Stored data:
(* Let $T$ be a real-valued treatment and $X$ covariates, with conditional density $p(t\mid x)$ of $T$ given $X=x$. Let $S_k=[a_k,a_k+\ell)$ be bins of common length $\ell$ with midpoints $c_k = a_k+\ell/2$, and define \[ r_k(t\mid x) = \frac{p(t\mid x)\,\mathbf 1(t\in S_k)}{\int_{S_k} p(s\mid x)\,ds}. \] Assume $f$ and $p(t\mid x)$ are twice continuously differentiable, the conditional density $p(t\mid x)$ is positive, and $|f''|\le M$ for some $M>0$. Then for every $x$ and uniformly in $k$, \[ \int f(t)\, r_k(t\mid x)\,dt = f(c_k) + O(\ell^2) \quad \text{as } \ell\to 0. \] *)

theory Defs
  imports "HOL-Analysis.Analysis"
begin

definition C2 :: "(real \<Rightarrow> real) \<Rightarrow> bool" where
  "C2 g \<longleftrightarrow> (\<exists>g1 g2. (\<forall>t. (g has_real_derivative g1 t) (at t)) \<and>
                      (\<forall>t. (g1 has_real_derivative g2 t) (at t)) \<and>
                      continuous_on UNIV g2)"

definition bin :: "real \<Rightarrow> real \<Rightarrow> real set" where
  "bin a l = {a..<a+l}"

definition bin_density :: "('x \<Rightarrow> real \<Rightarrow> real) \<Rightarrow> 'x \<Rightarrow> real \<Rightarrow> real \<Rightarrow> real \<Rightarrow> real" where
  "bin_density p x a l t = p x t * indicator (bin a l) t / integral (bin a l) (\<lambda>s. p x s)"

end

theory Submission
  imports Defs
begin

(* Let c be the midpoint of the bin S and P its mass under p. The bin average minus f c is
   (1/P) times the integral over S of (f t - f c) p t. Subtracting f'(c) p(c) (t - c), which
   integrates to zero because S is centred at c, leaves the Taylor remainder
   (f t - f c - f'(c)(t - c)) p t = O(M (t - c)^2 p t) and, by the mean value theorem,
   f'(c)(t - c)(p t - p c) = O(|f'(c)| L (t - c)^2) with L a bound for |p'|. Integrating and
   dividing by P >= m l, where m is a positive lower bound of p, gives the error bound
   (M/4 + F L/(4 m)) l^2; for bins inside a compact range [lo, hi] the bounds F on |f'|,
   L and m are uniform by continuity. *)

lemma integral_bin_density:
  "integral UNIV (\<lambda>t. f t * bin_density p x a l t)
     = integral {a..a+l} (\<lambda>t. f t * p x t) / integral {a..a+l} (p x)"
proof -
  have bin_closed: "integral (bin a l) g = integral {a..a+l} g" for g :: "real \<Rightarrow> real"
  proof (rule integral_subset_negligible)
    show "negligible ({a..a+l} - bin a l)"
      by (rule negligible_subset[of "{a+l}"]) (auto simp: bin_def)
  qed (auto simp: bin_def)
  have "integral UNIV (\<lambda>t. f t * bin_density p x a l t)
      = integral UNIV (\<lambda>t. if t \<in> bin a l then f t * p x t / integral (bin a l) (p x) else 0)"
    by (intro arg_cong[where f = "integral UNIV"] ext) (simp add: bin_density_def indicator_def)
  also have "\<dots> = integral (bin a l) (\<lambda>t. f t * p x t / integral (bin a l) (p x))"
    by (rule integral_restrict_UNIV)
  finally show ?thesis by (simp add: bin_closed)
qed

lemma integral_minus_centered_linear:
  fixes g :: "real \<Rightarrow> real"
  assumes "g integrable_on {a..b}" "a \<le> b"
  shows "integral {a..b} (\<lambda>t. g t - k * (t - (a + b) / 2)) = integral {a..b} g"
proof -
  have "integral {a..b} (\<lambda>t. t - (a + b) / 2) = integral {a..b} (\<lambda>t. t) - integral {a..b} (\<lambda>t. (a + b) / 2)"
    by (intro integral_diff ident_integrable_on integrable_const_ivl)
  then have "integral {a..b} (\<lambda>t. t - (a + b) / 2) = 0"
    using assms(2) by (simp add: power2_eq_square field_simps)
  moreover have "(\<lambda>t. k * (t - (a + b) / 2)) integrable_on {a..b}"
    by (intro integrable_continuous_interval continuous_intros)
  ultimately show ?thesis
    using assms(1) by (simp add: integral_diff)
qed

lemma taylor_linear_remainder_bound:
  fixes f f' f'' :: "real \<Rightarrow> real"
  assumes f': "\<And>s. s \<in> {u..v} \<Longrightarrow> (f has_real_derivative f' s) (at s)"
    and f'': "\<And>s. s \<in> {u..v} \<Longrightarrow> (f' has_real_derivative f'' s) (at s)"
    and M: "\<And>s. s \<in> {u..v} \<Longrightarrow> \<bar>f'' s\<bar> \<le> M"
    and t: "t \<in> {u..v}" and c: "c \<in> {u..v}"
  shows "\<bar>f t - f c - f' c * (t - c)\<bar> \<le> M * (t - c)\<^sup>2"
proof -
  define J where "J = {min t c..max t c}"
  have J: "J \<subseteq> {u..v}" "t \<in> J" "c \<in> J"
    using t c by (auto simp: J_def)
  have "M \<ge> 0"
    using M[OF c] by linarith
  have f'_near_c: "\<bar>f' s - f' c\<bar> \<le> M * \<bar>t - c\<bar>" if "s \<in> J" for s
  proof -
    have "\<bar>f' s - f' c\<bar> \<le> M * \<bar>s - c\<bar>"
    proof (rule field_differentiable_bound[of J f' f'', simplified])
      show "(f' has_real_derivative f'' z) (at z within J)" if "z \<in> J" for z
        using f'' J(1) that by (meson has_field_derivative_at_within subsetD)
      show "\<bar>f'' z\<bar> \<le> M" if "z \<in> J" for z
        using M J(1) that by (meson subsetD)
    qed (use J that in \<open>auto simp: J_def\<close>)
    also have "\<dots> \<le> M * \<bar>t - c\<bar>"
    proof -
      have "\<bar>s - c\<bar> \<le> \<bar>t - c\<bar>"
        using that unfolding J_def by (auto simp: min_def max_def split: if_splits)
      then show ?thesis
        using \<open>M \<ge> 0\<close> by (rule mult_left_mono)
    qed
    finally show ?thesis .
  qed
  have "\<bar>(f t - f' c * t) - (f c - f' c * c)\<bar> \<le> M * \<bar>t - c\<bar> * \<bar>t - c\<bar>"
  proof (rule field_differentiable_bound[of J _ "\<lambda>s. f' s - f' c", simplified])
    show "((\<lambda>s. f s - f' c * s) has_real_derivative f' s - f' c) (at s within J)" if "s \<in> J" for s
    proof -
      have "(f has_real_derivative f' s) (at s)"
        using f' J(1) that by (meson subsetD)
      then have "((\<lambda>s. f s - f' c * s) has_real_derivative f' s - f' c) (at s)"
        by (auto intro!: derivative_eq_intros)
      then show ?thesis
        by (rule has_field_derivative_at_within)
    qed
    show "\<bar>f' s - f' c\<bar> \<le> M * \<bar>t - c\<bar>" if "s \<in> J" for s
      using f'_near_c that .
  qed (use J in \<open>simp_all add: J_def\<close>)
  then show ?thesis
    by (simp add: power2_eq_square algebra_simps)
qed

lemma weighted_linearization_bound:
  fixes f f' f'' w w' :: "real \<Rightarrow> real"
  assumes f': "\<And>s. s \<in> {u..v} \<Longrightarrow> (f has_real_derivative f' s) (at s)"
    and f'': "\<And>s. s \<in> {u..v} \<Longrightarrow> (f' has_real_derivative f'' s) (at s)"
    and M: "\<And>s. s \<in> {u..v} \<Longrightarrow> \<bar>f'' s\<bar> \<le> M"
    and w': "\<And>s. s \<in> {u..v} \<Longrightarrow> (w has_real_derivative w' s) (at s)"
    and L: "\<And>s. s \<in> {u..v} \<Longrightarrow> \<bar>w' s\<bar> \<le> L"
    and "0 \<le> w t" and t: "t \<in> {u..v}" and c: "c \<in> {u..v}"
  shows "\<bar>(f t - f c) * w t - f' c * w c * (t - c)\<bar> \<le> (M * w t + \<bar>f' c\<bar> * L) * (t - c)\<^sup>2"
proof -
  have taylor: "\<bar>(f t - f c - f' c * (t - c)) * w t\<bar> \<le> M * (t - c)\<^sup>2 * w t"
    using taylor_linear_remainder_bound[OF f' f'' M t c] \<open>0 \<le> w t\<close>
    by (simp add: abs_mult mult_right_mono)
  have "norm (w t - w c) \<le> L * norm (t - c)"
  proof (rule field_differentiable_bound)
    show "(w has_real_derivative w' s) (at s within {u..v})" if "s \<in> {u..v}" for s
      using w'[OF that] by (rule has_field_derivative_at_within)
  qed (use L t c in simp_all)
  then have "\<bar>t - c\<bar> * \<bar>w t - w c\<bar> \<le> \<bar>t - c\<bar> * (L * \<bar>t - c\<bar>)"
    by (intro mult_left_mono) simp_all
  also have "\<dots> = L * (t - c)\<^sup>2"
    by (simp add: power2_eq_square mult.left_commute)
  finally have mvt: "\<bar>f' c * (t - c) * (w t - w c)\<bar> \<le> \<bar>f' c\<bar> * L * (t - c)\<^sup>2"
    by (simp add: abs_mult mult_left_mono mult.assoc)
  have "(f t - f c) * w t - f' c * w c * (t - c)
      = (f t - f c - f' c * (t - c)) * w t + f' c * (t - c) * (w t - w c)"
    by (simp add: algebra_simps)
  then have "\<bar>(f t - f c) * w t - f' c * w c * (t - c)\<bar>
      \<le> \<bar>(f t - f c - f' c * (t - c)) * w t\<bar> + \<bar>f' c * (t - c) * (w t - w c)\<bar>"
    by (simp only: abs_triangle_ineq)
  also have "\<dots> \<le> M * (t - c)\<^sup>2 * w t + \<bar>f' c\<bar> * L * (t - c)\<^sup>2"
    using taylor mvt by (rule add_mono)
  finally show ?thesis
    by (simp add: algebra_simps)
qed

Aim of the task
Nothing but the lines from the one with "using taylor mvt by (rule add_mono)" through the final line of the records may appear in the answer, and each must be transcribed exactly.

Written answer
    using taylor mvt by (rule add_mono)
  finally show ?thesis
    by (simp add: algebra_simps)
qed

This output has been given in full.